■ What you should do ■
Reproduce the full listing exactly.

◆ ◆ ◆ ◆

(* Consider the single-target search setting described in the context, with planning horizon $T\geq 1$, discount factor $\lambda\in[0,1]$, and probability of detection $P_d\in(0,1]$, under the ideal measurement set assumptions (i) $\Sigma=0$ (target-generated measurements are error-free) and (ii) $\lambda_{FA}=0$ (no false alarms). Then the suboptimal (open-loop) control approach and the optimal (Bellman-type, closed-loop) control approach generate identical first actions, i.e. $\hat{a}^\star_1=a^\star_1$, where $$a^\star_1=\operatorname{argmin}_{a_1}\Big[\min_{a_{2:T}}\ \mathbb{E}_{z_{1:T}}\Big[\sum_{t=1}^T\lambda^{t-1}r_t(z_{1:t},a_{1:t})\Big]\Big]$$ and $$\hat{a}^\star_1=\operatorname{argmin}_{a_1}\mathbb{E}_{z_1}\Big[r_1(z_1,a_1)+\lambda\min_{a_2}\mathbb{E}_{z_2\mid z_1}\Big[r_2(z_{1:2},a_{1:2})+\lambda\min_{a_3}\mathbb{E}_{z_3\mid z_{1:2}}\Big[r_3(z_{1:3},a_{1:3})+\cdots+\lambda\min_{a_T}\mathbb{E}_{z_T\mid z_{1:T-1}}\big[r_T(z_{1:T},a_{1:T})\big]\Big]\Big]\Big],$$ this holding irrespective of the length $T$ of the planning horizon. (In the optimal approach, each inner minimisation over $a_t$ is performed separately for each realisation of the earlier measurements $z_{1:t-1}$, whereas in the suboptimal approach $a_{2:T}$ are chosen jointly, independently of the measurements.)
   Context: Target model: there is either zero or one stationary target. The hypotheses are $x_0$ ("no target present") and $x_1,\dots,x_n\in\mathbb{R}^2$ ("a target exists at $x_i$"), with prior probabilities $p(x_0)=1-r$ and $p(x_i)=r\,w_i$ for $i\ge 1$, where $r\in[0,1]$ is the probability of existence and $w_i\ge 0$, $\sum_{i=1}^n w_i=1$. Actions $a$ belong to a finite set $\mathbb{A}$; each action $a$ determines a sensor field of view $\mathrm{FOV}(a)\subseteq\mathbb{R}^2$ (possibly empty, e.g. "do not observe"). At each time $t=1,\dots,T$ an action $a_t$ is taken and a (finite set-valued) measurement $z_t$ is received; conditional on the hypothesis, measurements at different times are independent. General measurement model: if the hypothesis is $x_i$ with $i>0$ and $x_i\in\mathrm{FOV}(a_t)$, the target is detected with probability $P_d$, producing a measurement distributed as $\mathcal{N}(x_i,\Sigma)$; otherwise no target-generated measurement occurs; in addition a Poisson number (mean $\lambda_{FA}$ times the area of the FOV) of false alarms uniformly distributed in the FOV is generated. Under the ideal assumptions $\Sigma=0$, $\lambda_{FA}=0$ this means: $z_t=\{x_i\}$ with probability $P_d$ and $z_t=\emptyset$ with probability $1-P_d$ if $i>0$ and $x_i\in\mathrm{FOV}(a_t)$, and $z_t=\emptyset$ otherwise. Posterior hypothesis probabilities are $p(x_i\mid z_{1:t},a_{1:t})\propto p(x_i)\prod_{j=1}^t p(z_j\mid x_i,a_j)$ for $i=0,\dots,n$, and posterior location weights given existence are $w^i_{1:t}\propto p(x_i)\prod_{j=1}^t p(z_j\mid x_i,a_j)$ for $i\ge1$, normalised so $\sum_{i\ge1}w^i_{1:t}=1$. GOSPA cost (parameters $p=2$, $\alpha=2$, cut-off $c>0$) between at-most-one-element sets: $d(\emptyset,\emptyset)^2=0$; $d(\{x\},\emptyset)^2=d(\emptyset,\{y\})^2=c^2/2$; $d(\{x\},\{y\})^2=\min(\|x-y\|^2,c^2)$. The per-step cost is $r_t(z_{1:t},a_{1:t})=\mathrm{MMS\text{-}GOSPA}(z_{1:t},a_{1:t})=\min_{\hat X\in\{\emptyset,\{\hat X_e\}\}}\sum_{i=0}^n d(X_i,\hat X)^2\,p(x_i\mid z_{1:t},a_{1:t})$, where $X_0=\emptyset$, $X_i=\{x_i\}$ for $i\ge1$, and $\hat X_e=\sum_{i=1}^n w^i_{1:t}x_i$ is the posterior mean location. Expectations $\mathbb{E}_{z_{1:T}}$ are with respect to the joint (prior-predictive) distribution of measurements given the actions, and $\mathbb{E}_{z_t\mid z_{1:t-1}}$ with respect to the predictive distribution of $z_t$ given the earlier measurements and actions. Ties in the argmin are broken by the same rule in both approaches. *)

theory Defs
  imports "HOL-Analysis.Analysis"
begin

◆ ◆ ◆ ◆

■ Completed task ■
(* Consider the single-target search setting described in the context, with planning horizon $T\geq 1$, discount factor $\lambda\in[0,1]$, and probability of detection $P_d\in(0,1]$, under the ideal measurement set assumptions (i) $\Sigma=0$ (target-generated measurements are error-free) and (ii) $\lambda_{FA}=0$ (no false alarms). Then the suboptimal (open-loop) control approach and the optimal (Bellman-type, closed-loop) control approach generate identical first actions, i.e. $\hat{a}^\star_1=a^\star_1$, where $$a^\star_1=\operatorname{argmin}_{a_1}\Big[\min_{a_{2:T}}\ \mathbb{E}_{z_{1:T}}\Big[\sum_{t=1}^T\lambda^{t-1}r_t(z_{1:t},a_{1:t})\Big]\Big]$$ and $$\hat{a}^\star_1=\operatorname{argmin}_{a_1}\mathbb{E}_{z_1}\Big[r_1(z_1,a_1)+\lambda\min_{a_2}\mathbb{E}_{z_2\mid z_1}\Big[r_2(z_{1:2},a_{1:2})+\lambda\min_{a_3}\mathbb{E}_{z_3\mid z_{1:2}}\Big[r_3(z_{1:3},a_{1:3})+\cdots+\lambda\min_{a_T}\mathbb{E}_{z_T\mid z_{1:T-1}}\big[r_T(z_{1:T},a_{1:T})\big]\Big]\Big]\Big],$$ this holding irrespective of the length $T$ of the planning horizon. (In the optimal approach, each inner minimisation over $a_t$ is performed separately for each realisation of the earlier measurements $z_{1:t-1}$, whereas in the suboptimal approach $a_{2:T}$ are chosen jointly, independently of the measurements.)
   Context: Target model: there is either zero or one stationary target. The hypotheses are $x_0$ ("no target present") and $x_1,\dots,x_n\in\mathbb{R}^2$ ("a target exists at $x_i$"), with prior probabilities $p(x_0)=1-r$ and $p(x_i)=r\,w_i$ for $i\ge 1$, where $r\in[0,1]$ is the probability of existence and $w_i\ge 0$, $\sum_{i=1}^n w_i=1$. Actions $a$ belong to a finite set $\mathbb{A}$; each action $a$ determines a sensor field of view $\mathrm{FOV}(a)\subseteq\mathbb{R}^2$ (possibly empty, e.g. "do not observe"). At each time $t=1,\dots,T$ an action $a_t$ is taken and a (finite set-valued) measurement $z_t$ is received; conditional on the hypothesis, measurements at different times are independent. General measurement model: if the hypothesis is $x_i$ with $i>0$ and $x_i\in\mathrm{FOV}(a_t)$, the target is detected with probability $P_d$, producing a measurement distributed as $\mathcal{N}(x_i,\Sigma)$; otherwise no target-generated measurement occurs; in addition a Poisson number (mean $\lambda_{FA}$ times the area of the FOV) of false alarms uniformly distributed in the FOV is generated. Under the ideal assumptions $\Sigma=0$, $\lambda_{FA}=0$ this means: $z_t=\{x_i\}$ with probability $P_d$ and $z_t=\emptyset$ with probability $1-P_d$ if $i>0$ and $x_i\in\mathrm{FOV}(a_t)$, and $z_t=\emptyset$ otherwise. Posterior hypothesis probabilities are $p(x_i\mid z_{1:t},a_{1:t})\propto p(x_i)\prod_{j=1}^t p(z_j\mid x_i,a_j)$ for $i=0,\dots,n$, and posterior location weights given existence are $w^i_{1:t}\propto p(x_i)\prod_{j=1}^t p(z_j\mid x_i,a_j)$ for $i\ge1$, normalised so $\sum_{i\ge1}w^i_{1:t}=1$. GOSPA cost (parameters $p=2$, $\alpha=2$, cut-off $c>0$) between at-most-one-element sets: $d(\emptyset,\emptyset)^2=0$; $d(\{x\},\emptyset)^2=d(\emptyset,\{y\})^2=c^2/2$; $d(\{x\},\{y\})^2=\min(\|x-y\|^2,c^2)$. The per-step cost is $r_t(z_{1:t},a_{1:t})=\mathrm{MMS\text{-}GOSPA}(z_{1:t},a_{1:t})=\min_{\hat X\in\{\emptyset,\{\hat X_e\}\}}\sum_{i=0}^n d(X_i,\hat X)^2\,p(x_i\mid z_{1:t},a_{1:t})$, where $X_0=\emptyset$, $X_i=\{x_i\}$ for $i\ge1$, and $\hat X_e=\sum_{i=1}^n w^i_{1:t}x_i$ is the posterior mean location. Expectations $\mathbb{E}_{z_{1:T}}$ are with respect to the joint (prior-predictive) distribution of measurements given the actions, and $\mathbb{E}_{z_t\mid z_{1:t-1}}$ with respect to the predictive distribution of $z_t$ given the earlier measurements and actions. Ties in the argmin are broken by the same rule in both approaches. *)

theory Defs
  imports "HOL-Analysis.Analysis"
begin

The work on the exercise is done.